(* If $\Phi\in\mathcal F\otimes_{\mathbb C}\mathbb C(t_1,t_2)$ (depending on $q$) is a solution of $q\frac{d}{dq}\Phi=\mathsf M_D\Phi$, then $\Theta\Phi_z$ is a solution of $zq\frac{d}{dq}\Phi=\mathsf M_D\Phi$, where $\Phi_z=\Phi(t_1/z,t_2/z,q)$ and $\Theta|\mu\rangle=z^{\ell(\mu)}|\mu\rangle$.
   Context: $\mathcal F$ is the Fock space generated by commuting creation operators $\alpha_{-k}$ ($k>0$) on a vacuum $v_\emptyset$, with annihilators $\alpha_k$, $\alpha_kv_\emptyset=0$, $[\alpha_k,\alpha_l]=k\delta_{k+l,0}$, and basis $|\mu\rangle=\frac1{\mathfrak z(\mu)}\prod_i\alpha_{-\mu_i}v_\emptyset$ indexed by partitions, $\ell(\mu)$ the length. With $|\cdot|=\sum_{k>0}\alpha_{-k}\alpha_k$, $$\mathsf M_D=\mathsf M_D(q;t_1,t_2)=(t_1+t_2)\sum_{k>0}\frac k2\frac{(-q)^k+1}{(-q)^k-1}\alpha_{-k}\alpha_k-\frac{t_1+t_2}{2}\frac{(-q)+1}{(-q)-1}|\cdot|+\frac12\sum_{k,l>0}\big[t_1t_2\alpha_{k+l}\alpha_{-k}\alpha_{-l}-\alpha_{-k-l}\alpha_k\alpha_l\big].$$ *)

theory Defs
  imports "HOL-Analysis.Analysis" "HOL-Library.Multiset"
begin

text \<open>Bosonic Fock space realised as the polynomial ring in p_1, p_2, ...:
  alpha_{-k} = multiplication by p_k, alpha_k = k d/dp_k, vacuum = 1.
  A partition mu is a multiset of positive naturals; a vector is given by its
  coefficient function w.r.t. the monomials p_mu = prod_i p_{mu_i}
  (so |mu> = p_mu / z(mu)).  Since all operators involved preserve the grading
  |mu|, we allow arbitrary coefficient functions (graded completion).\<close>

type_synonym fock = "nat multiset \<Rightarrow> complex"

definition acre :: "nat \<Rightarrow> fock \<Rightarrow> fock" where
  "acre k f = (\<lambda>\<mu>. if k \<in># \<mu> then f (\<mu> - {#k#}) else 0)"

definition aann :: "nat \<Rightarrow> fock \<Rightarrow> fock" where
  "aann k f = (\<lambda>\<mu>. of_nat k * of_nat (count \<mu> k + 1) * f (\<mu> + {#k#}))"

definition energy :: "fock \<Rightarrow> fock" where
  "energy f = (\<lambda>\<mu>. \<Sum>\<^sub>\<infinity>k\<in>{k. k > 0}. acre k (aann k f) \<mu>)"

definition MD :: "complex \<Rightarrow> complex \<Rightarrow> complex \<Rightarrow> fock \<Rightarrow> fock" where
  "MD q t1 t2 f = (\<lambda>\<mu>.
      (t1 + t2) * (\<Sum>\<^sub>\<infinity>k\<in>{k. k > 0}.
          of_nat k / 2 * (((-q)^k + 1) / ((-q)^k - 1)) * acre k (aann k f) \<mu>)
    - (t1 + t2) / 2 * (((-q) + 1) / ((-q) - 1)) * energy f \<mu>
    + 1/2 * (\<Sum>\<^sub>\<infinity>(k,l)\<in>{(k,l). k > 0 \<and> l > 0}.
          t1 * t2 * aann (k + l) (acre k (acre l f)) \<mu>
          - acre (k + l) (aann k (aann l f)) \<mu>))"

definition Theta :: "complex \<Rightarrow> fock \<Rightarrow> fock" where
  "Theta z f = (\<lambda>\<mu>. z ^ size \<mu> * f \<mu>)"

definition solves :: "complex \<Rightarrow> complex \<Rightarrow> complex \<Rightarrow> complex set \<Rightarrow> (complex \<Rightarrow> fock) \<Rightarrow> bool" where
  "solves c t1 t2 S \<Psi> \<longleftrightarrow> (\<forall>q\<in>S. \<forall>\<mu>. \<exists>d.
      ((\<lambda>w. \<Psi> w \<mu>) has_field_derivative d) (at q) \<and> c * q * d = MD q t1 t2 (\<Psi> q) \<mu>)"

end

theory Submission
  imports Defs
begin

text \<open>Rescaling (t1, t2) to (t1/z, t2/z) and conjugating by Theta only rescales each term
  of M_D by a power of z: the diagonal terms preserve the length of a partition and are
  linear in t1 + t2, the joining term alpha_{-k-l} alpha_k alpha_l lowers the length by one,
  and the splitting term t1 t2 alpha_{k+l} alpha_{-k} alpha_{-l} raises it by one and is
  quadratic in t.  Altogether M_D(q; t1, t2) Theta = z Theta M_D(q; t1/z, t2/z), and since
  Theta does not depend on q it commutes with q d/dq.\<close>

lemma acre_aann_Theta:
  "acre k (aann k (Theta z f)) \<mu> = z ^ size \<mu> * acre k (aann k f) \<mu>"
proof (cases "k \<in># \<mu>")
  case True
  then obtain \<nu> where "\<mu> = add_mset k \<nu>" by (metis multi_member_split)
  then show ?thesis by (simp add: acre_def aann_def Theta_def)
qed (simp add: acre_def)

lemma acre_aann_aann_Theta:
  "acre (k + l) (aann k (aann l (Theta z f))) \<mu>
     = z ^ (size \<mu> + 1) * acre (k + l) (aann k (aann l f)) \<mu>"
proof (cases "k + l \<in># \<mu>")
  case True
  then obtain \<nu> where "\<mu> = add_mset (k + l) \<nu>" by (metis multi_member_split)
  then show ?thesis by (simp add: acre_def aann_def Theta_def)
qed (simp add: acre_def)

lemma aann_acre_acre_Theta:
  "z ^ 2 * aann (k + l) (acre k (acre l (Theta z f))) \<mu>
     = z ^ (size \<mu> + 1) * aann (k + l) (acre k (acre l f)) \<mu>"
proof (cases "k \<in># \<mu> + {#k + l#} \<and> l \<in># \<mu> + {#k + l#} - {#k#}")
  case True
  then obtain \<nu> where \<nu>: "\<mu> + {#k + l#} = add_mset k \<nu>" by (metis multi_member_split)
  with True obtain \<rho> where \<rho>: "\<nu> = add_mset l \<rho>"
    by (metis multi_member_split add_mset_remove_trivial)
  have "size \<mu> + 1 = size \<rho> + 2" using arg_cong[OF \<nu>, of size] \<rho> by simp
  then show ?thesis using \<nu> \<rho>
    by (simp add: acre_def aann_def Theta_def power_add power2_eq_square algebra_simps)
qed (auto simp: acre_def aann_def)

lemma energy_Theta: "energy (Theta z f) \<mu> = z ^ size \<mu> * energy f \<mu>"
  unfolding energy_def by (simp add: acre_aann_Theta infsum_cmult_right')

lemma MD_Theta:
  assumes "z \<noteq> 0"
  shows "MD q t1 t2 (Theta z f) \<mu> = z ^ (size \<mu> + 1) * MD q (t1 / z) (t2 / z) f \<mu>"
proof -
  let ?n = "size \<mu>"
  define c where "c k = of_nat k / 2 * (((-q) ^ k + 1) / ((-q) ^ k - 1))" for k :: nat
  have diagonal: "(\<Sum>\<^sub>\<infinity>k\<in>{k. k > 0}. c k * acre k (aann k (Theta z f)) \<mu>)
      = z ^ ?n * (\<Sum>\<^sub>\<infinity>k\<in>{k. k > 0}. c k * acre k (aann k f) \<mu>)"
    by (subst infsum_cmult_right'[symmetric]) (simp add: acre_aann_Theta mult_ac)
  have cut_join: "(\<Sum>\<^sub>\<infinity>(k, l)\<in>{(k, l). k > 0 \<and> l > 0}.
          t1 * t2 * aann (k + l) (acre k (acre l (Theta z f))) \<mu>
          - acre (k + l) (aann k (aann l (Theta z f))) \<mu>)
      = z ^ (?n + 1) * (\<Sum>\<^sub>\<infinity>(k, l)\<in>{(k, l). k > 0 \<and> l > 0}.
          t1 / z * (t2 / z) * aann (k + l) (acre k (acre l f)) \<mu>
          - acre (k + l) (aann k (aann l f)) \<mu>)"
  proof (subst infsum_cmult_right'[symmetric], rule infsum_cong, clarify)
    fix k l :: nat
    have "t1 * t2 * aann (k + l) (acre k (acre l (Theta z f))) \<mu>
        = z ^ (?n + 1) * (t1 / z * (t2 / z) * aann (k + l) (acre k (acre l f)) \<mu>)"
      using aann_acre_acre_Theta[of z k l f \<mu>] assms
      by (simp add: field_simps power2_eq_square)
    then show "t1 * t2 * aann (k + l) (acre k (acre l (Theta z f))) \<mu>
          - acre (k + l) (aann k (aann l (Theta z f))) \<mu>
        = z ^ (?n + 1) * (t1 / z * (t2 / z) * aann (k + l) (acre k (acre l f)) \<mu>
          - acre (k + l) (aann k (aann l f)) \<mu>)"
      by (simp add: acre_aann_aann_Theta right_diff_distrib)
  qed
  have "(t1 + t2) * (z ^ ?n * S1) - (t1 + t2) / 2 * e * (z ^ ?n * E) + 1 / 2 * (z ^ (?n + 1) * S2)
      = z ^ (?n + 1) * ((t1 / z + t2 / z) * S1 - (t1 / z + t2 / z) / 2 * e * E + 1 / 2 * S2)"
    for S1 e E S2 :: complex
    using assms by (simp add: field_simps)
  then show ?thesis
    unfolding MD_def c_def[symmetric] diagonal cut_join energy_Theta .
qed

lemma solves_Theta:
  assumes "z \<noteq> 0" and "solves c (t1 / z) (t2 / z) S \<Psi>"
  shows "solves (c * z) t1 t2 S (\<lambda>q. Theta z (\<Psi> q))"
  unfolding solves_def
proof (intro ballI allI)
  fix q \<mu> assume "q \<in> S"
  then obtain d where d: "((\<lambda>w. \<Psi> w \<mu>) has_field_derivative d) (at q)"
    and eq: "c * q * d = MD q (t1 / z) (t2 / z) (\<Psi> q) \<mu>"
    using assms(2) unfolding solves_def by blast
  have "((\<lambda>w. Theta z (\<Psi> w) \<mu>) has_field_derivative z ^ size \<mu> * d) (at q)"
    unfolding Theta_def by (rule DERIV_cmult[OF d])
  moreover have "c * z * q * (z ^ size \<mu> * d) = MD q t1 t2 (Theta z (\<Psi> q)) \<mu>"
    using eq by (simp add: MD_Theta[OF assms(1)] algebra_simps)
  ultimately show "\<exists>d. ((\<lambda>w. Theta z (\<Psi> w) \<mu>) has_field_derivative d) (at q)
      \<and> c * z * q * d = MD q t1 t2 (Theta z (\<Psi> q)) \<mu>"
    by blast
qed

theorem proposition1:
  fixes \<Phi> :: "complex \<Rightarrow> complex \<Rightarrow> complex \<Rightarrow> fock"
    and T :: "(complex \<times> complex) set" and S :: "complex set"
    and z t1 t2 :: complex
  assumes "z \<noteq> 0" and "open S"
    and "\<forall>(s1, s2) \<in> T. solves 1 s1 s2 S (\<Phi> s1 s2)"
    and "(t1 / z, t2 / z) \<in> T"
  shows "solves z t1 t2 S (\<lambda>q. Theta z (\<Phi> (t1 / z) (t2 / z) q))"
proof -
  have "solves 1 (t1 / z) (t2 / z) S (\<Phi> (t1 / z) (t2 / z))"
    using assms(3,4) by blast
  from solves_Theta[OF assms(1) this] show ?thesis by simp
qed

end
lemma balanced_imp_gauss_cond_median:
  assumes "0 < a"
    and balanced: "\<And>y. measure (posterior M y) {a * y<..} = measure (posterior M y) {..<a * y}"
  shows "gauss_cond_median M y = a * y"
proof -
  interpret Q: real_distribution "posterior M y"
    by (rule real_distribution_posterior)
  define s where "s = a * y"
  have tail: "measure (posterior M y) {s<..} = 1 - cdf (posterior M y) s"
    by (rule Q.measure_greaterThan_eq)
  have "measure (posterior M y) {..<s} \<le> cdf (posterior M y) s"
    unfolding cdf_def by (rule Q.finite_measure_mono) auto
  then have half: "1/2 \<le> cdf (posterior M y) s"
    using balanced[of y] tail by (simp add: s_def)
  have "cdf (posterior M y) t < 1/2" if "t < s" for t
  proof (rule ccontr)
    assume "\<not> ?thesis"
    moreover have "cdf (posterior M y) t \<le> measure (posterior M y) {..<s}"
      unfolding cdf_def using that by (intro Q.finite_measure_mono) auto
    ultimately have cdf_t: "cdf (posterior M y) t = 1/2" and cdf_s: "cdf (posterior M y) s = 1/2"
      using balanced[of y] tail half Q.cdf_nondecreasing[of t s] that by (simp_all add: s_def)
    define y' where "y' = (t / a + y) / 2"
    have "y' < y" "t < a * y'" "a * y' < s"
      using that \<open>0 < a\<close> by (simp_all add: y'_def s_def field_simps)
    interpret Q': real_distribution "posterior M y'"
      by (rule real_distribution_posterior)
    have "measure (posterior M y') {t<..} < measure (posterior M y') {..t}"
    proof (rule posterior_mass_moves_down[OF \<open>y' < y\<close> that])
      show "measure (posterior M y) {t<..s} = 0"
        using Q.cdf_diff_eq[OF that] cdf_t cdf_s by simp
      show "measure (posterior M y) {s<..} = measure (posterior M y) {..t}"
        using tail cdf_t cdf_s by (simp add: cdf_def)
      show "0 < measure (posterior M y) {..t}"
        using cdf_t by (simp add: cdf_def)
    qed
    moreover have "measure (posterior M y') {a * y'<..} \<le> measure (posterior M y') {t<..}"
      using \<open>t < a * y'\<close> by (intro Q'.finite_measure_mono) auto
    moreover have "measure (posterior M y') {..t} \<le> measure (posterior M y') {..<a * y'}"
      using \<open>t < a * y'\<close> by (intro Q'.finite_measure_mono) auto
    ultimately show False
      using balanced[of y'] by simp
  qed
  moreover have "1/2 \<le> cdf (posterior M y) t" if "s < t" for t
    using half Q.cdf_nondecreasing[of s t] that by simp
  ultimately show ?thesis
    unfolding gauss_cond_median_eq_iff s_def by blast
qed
=====
### [Task to carry out]
Copy the lines of the data above exactly as written, beginning with the line containing "using assms by (simp add: field_simps)" and ending with the line containing "t2 / z) \<in>", and leave out all other lines.

### [Result for this task]
    using assms by (simp add: field_simps)
  then show ?thesis
    unfolding MD_def c_def[symmetric] diagonal cut_join energy_Theta .
qed

lemma solves_Theta:
  assumes "z \<noteq> 0" and "solves c (t1 / z) (t2 / z) S \<Psi>"
  shows "solves (c * z) t1 t2 S (\<lambda>q. Theta z (\<Psi> q))"
  unfolding solves_def
proof (intro ballI allI)
  fix q \<mu> assume "q \<in> S"
  then obtain d where d: "((\<lambda>w. \<Psi> w \<mu>) has_field_derivative d) (at q)"
    and eq: "c * q * d = MD q (t1 / z) (t2 / z) (\<Psi> q) \<mu>"
    using assms(2) unfolding solves_def by blast
  have "((\<lambda>w. Theta z (\<Psi> w) \<mu>) has_field_derivative z ^ size \<mu> * d) (at q)"
    unfolding Theta_def by (rule DERIV_cmult[OF d])
  moreover have "c * z * q * (z ^ size \<mu> * d) = MD q t1 t2 (Theta z (\<Psi> q)) \<mu>"
    using eq by (simp add: MD_Theta[OF assms(1)] algebra_simps)
  ultimately show "\<exists>d. ((\<lambda>w. Theta z (\<Psi> w) \<mu>) has_field_derivative d) (at q)
      \<and> c * z * q * d = MD q t1 t2 (Theta z (\<Psi> q)) \<mu>"
    by blast
qed

theorem proposition1:
  fixes \<Phi> :: "complex \<Rightarrow> complex \<Rightarrow> complex \<Rightarrow> fock"
    and T :: "(complex \<times> complex) set" and S :: "complex set"
    and z t1 t2 :: complex
  assumes "z \<noteq> 0" and "open S"
    and "\<forall>(s1, s2) \<in> T. solves 1 s1 s2 S (\<Phi> s1 s2)"
    and "(t1 / z, t2 / z) \<in> T"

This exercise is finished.